:: INSTRUCTIONS FOR THE TASK ::
In the listing below, locate the line that contains "fix B s1 r1 s2 r2 m" and the line that contains "(* For every". Restate word for word those two lines and every line between them, and nothing else.

:: DATA SUPPLIED ::
lemma copair_comp_pair:
  assumes "tgt b = tgt a" "src d = src c" "tgt c = src a" "tgt d = src b"
  shows "copair a b \<cdot> pair c d = a \<cdot> c \<^bold>+ b \<cdot> d"
proof -
  let ?X1 = "src a" and ?X2 = "src b"
  have "pair c d = pair ((in1 ?X1 ?X2)\<^sup>\<star> \<cdot> (in1 ?X1 ?X2 \<cdot> c \<^bold>+ in2 ?X1 ?X2 \<cdot> d))
      ((in2 ?X1 ?X2)\<^sup>\<star> \<cdot> (in1 ?X1 ?X2 \<cdot> c \<^bold>+ in2 ?X1 ?X2 \<cdot> d))"
    using assms by (simp add: comp_add comp_assoc[symmetric])
  also have "\<dots> = in1 ?X1 ?X2 \<cdot> c \<^bold>+ in2 ?X1 ?X2 \<cdot> d"
    by (rule pair_eta[symmetric]) (use assms in simp)
  finally show ?thesis
    using assms by (simp add: comp_add comp_assoc[symmetric])
qed

lemma block_matrix_positive_imp_codilation:
  assumes "block_matrix_positive C f"
  shows "\<exists>T t1 t2. codilation C f T t1 t2"
proof -
  let ?X = "src f" and ?Y = "tgt f"
  let ?s1 = "in1 ?X ?Y" and ?s2 = "in2 ?X ?Y"
  define m where "m = copair (pair (idt ?X) f) (pair (f\<^sup>\<star>) (idt ?Y))"
  have m: "src m = osum ?X ?Y" "tgt m = osum ?X ?Y"
    "?s1\<^sup>\<star> \<cdot> m \<cdot> ?s1 = idt ?X" "?s1\<^sup>\<star> \<cdot> m \<cdot> ?s2 = f\<^sup>\<star>"
    "?s2\<^sup>\<star> \<cdot> m \<cdot> ?s1 = f" "?s2\<^sup>\<star> \<cdot> m \<cdot> ?s2 = idt ?Y"
    unfolding m_def by simp_all
  then have "positive C m"
    using assms ortho_biproduct_osum[of ?X ?Y] unfolding block_matrix_positive_def hom_def by blast
  then obtain y where y: "src y = osum ?X ?Y" "m = y\<^sup>\<star> \<cdot> y"
    unfolding positive_def using m by auto
  have "codilation C f (tgt y) (y \<cdot> ?s1) (y \<cdot> ?s2)"
    unfolding codilation_def hom_def isometry_def using y m by (simp add: adj_comp_comp)
  then show ?thesis by blast
qed

lemma contractive_imp_block_matrix_positive:
  assumes "contractive C f"
  shows "block_matrix_positive C f"
  unfolding block_matrix_positive_def
proof (intro allI impI)
  let ?X = "src f" and ?Y = "tgt f"
  fix B s1 r1 s2 r2 m
  assume "ortho_biproduct C ?X ?Y B s1 r1 s2 r2 \<and> hom C m B B \<and>
    r1 \<cdot> m \<cdot> s1 = idt ?X \<and> r1 \<cdot> m \<cdot> s2 = f\<^sup>\<star> \<and> r2 \<cdot> m \<cdot> s1 = f \<and> r2 \<cdot> m \<cdot> s2 = idt ?Y"
  then have B: "biproduct C ?X ?Y B s1 r1 s2 r2" and r: "r1 = s1\<^sup>\<star>" "r2 = s2\<^sup>\<star>"
    and m: "src m = B" "tgt m = B" and entries:
    "r1 \<cdot> m \<cdot> s1 = idt ?X" "r1 \<cdot> m \<cdot> s2 = f\<^sup>\<star>" "r2 \<cdot> m \<cdot> s1 = f" "r2 \<cdot> m \<cdot> s2 = idt ?Y"
    unfolding ortho_biproduct_def hom_def by auto
  note b = biproductD[OF B]
  obtain y where y: "src y = ?X" "f\<^sup>\<star> \<cdot> f \<^bold>+ y\<^sup>\<star> \<cdot> y = idt ?X"
    using assms contractive_iff by blast
  let ?Z = "tgt y"
  define a where "a = pair f y"
  have a: "src a = ?X" "tgt a = osum ?Y ?Z" "(in1 ?Y ?Z)\<^sup>\<star> \<cdot> a = f" "a\<^sup>\<star> \<cdot> a = idt ?X"
    unfolding a_def using y by (simp_all add: adj_pair copair_comp_pair)
  define w where "w = copairing B s1 s2 a (in1 ?Y ?Z)"
  have w: "src w = B" "tgt w = osum ?Y ?Z" "w \<cdot> s1 = a" "w \<cdot> s2 = in1 ?Y ?Z"
    using copairing[OF B, of a "in1 ?Y ?Z"] a unfolding w_def by auto
  have a_in1: "a\<^sup>\<star> \<cdot> in1 ?Y ?Z = f\<^sup>\<star>"
    using adj_comp[of "(in1 ?Y ?Z)\<^sup>\<star>" a] a by simp
  have "w\<^sup>\<star> \<cdot> w = m"
    by (rule biproduct_matrix_ext[OF B]) (use w m a a_in1 b entries in \<open>simp_all add: r adj_comp_comp[symmetric]\<close>)
  then show "positive C m"
    unfolding positive_def using w m by auto
qed
(* For every unweighted congestion game $\mathcal{G}$ with affine latency functions, $\mathrm{Apx}^1_\emptyset(\mathcal{G})\le 2+\sqrt{5}$.
   Context: A weighted congestion game consists of a finite set $[n]=\{1,\dots,n\}$ of players, a finite set $E$ of resources, for each player $i$ a weight $w_i>0$ and a nonempty finite strategy set $\Sigma_i\subseteq 2^E$, and for each resource $e$ a latency function $\ell_e:\mathbb{R}_{\ge 0}\to\mathbb{R}_{\ge 0}$. It is unweighted if $w_i=1$ for all $i$. Affine latency functions means $\ell_e(x)=\alpha_e x+\beta_e$ with $\alpha_e,\beta_e\ge 0$. For a (possibly partial) profile in which each player in some subset $P\subseteq[n]$ has chosen a strategy $s_i$, the congestion of $e$ is $L_e=\sum_{i\in P:\,e\in s_i}w_i$ and the cost of a player $i\in P$ is $\sum_{e\in s_i}\ell_e(L_e)$. For a full profile $S$, $\mathrm{SUM}(S)=\sum_{i\in[n]}c_i(S)$ and $S^*$ minimizes $\mathrm{SUM}$. A one-round walk from the empty strategy profile: starting with no player having chosen a strategy, the players arrive one at a time in some order, and each arriving player selects a best response, i.e., a strategy in her strategy set minimizing her cost given the strategies already chosen by the previously arrived players (later players not yet present); the outcome is the full profile after all $n$ players have chosen. $\mathrm{Apx}^1_\emptyset(\mathcal{G})$ is the maximum, over all orderings of the players and all choices among best responses, of $\mathrm{SUM}(\text{outcome})/\mathrm{SUM}(S^* )$. *)

theory Defs
  imports Complex_Main
begin

text \<open>Unweighted congestion games with affine latencies l_e(x) = alpha e * x + beta e.
  Players are 0..n-1; a (possibly partial) profile is a function s :: nat => 'e set,
  together with the set P of players that are present.\<close>

definition load :: "nat set \<Rightarrow> (nat \<Rightarrow> 'e set) \<Rightarrow> 'e \<Rightarrow> real" where
  "load P s e = real (card {i \<in> P. e \<in> s i})"

definition pcost :: "('e \<Rightarrow> real) \<Rightarrow> ('e \<Rightarrow> real) \<Rightarrow> nat set \<Rightarrow> (nat \<Rightarrow> 'e set) \<Rightarrow> nat \<Rightarrow> real" where
  "pcost \<alpha> \<beta> P s i = (\<Sum>e\<in>s i. \<alpha> e * load P s e + \<beta> e)"

definition feasible :: "nat \<Rightarrow> (nat \<Rightarrow> 'e set set) \<Rightarrow> (nat \<Rightarrow> 'e set) \<Rightarrow> bool" where
  "feasible n \<Sigma> s \<longleftrightarrow> (\<forall>i<n. s i \<in> \<Sigma> i)"

definition SUMcost :: "nat \<Rightarrow> ('e \<Rightarrow> real) \<Rightarrow> ('e \<Rightarrow> real) \<Rightarrow> (nat \<Rightarrow> 'e set) \<Rightarrow> real" where
  "SUMcost n \<alpha> \<beta> s = (\<Sum>i<n. pcost \<alpha> \<beta> {..<n} s i)"
(* For $\alpha,\beta\in\mathbb{C}$ with $|\alpha|\ne|\beta|$ and $r_1,r_2\in\mathbb{R}$, let $X_{\alpha,\beta}=\Re\int\Phi:\mathbb{C}-\{0\}\to\mathbb{R}^3$ with $\Phi_1=\big(\frac1{z^2}+\frac{r_1}{z}+\frac{\alpha+\overline\beta}{2}\big)dz$, $\Phi_2=\big(\frac{\imath}{z^2}+\frac{r_2}{z}+\frac{\alpha-\overline\beta}{2\imath}\big)dz$, $\Phi_3=\frac{dz}{z}$. Then $X_{\alpha,\beta}$ is a well-defined harmonic map, and it is an immersion if and only if $(\alpha,\beta)\in\Omega:=\mathbb{C}^2-\big(\{(u,v):|u|\le|v|\}\cup\{(u,v):\Re(u)\ge0,\ |\Im(u)|\le|v|\}\big)$. *)

theory Defs
  imports "HOL-Analysis.Analysis"
begin

definition Phi :: "complex \<Rightarrow> complex \<Rightarrow> real \<Rightarrow> real \<Rightarrow> complex \<Rightarrow> complex ^ 3" where
  "Phi \<alpha> \<beta> r1 r2 z = vector
     [1 / z^2 + of_real r1 / z + (\<alpha> + cnj \<beta>) / 2,
      \<i> / z^2 + of_real r2 / z + (\<alpha> - cnj \<beta>) / (2 * \<i>),
      1 / z]"

text \<open>X is a real primitive of Re Phi on S: dX_z(h) = Re (Phi_k(z) h) componentwise,
  i.e. X = Re (integral of Phi) (up to an additive constant).\<close>
definition is_Re_primitive :: "(complex \<Rightarrow> real ^ 3) \<Rightarrow> (complex \<Rightarrow> complex ^ 3) \<Rightarrow> complex set \<Rightarrow> bool" where
  "is_Re_primitive X \<Phi> S \<longleftrightarrow>
     (\<forall>z\<in>S. (X has_derivative (\<lambda>h. \<chi> k. Re (\<Phi> z $ k * h))) (at z))"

:: SOLUTION TO THE EXERCISE ::
  fix B s1 r1 s2 r2 m
  assume "ortho_biproduct C ?X ?Y B s1 r1 s2 r2 \<and> hom C m B B \<and>
    r1 \<cdot> m \<cdot> s1 = idt ?X \<and> r1 \<cdot> m \<cdot> s2 = f\<^sup>\<star> \<and> r2 \<cdot> m \<cdot> s1 = f \<and> r2 \<cdot> m \<cdot> s2 = idt ?Y"
  then have B: "biproduct C ?X ?Y B s1 r1 s2 r2" and r: "r1 = s1\<^sup>\<star>" "r2 = s2\<^sup>\<star>"
    and m: "src m = B" "tgt m = B" and entries:
    "r1 \<cdot> m \<cdot> s1 = idt ?X" "r1 \<cdot> m \<cdot> s2 = f\<^sup>\<star>" "r2 \<cdot> m \<cdot> s1 = f" "r2 \<cdot> m \<cdot> s2 = idt ?Y"
    unfolding ortho_biproduct_def hom_def by auto
  note b = biproductD[OF B]
  obtain y where y: "src y = ?X" "f\<^sup>\<star> \<cdot> f \<^bold>+ y\<^sup>\<star> \<cdot> y = idt ?X"
    using assms contractive_iff by blast
  let ?Z = "tgt y"
  define a where "a = pair f y"
  have a: "src a = ?X" "tgt a = osum ?Y ?Z" "(in1 ?Y ?Z)\<^sup>\<star> \<cdot> a = f" "a\<^sup>\<star> \<cdot> a = idt ?X"
    unfolding a_def using y by (simp_all add: adj_pair copair_comp_pair)
  define w where "w = copairing B s1 s2 a (in1 ?Y ?Z)"
  have w: "src w = B" "tgt w = osum ?Y ?Z" "w \<cdot> s1 = a" "w \<cdot> s2 = in1 ?Y ?Z"
    using copairing[OF B, of a "in1 ?Y ?Z"] a unfolding w_def by auto
  have a_in1: "a\<^sup>\<star> \<cdot> in1 ?Y ?Z = f\<^sup>\<star>"
    using adj_comp[of "(in1 ?Y ?Z)\<^sup>\<star>" a] a by simp
  have "w\<^sup>\<star> \<cdot> w = m"
    by (rule biproduct_matrix_ext[OF B]) (use w m a a_in1 b entries in \<open>simp_all add: r adj_comp_comp[symmetric]\<close>)
  then show "positive C m"
    unfolding positive_def using w m by auto
qed
(* For every unweighted congestion game $\mathcal{G}$ with affine latency functions, $\mathrm{Apx}^1_\emptyset(\mathcal{G})\le 2+\sqrt{5}$.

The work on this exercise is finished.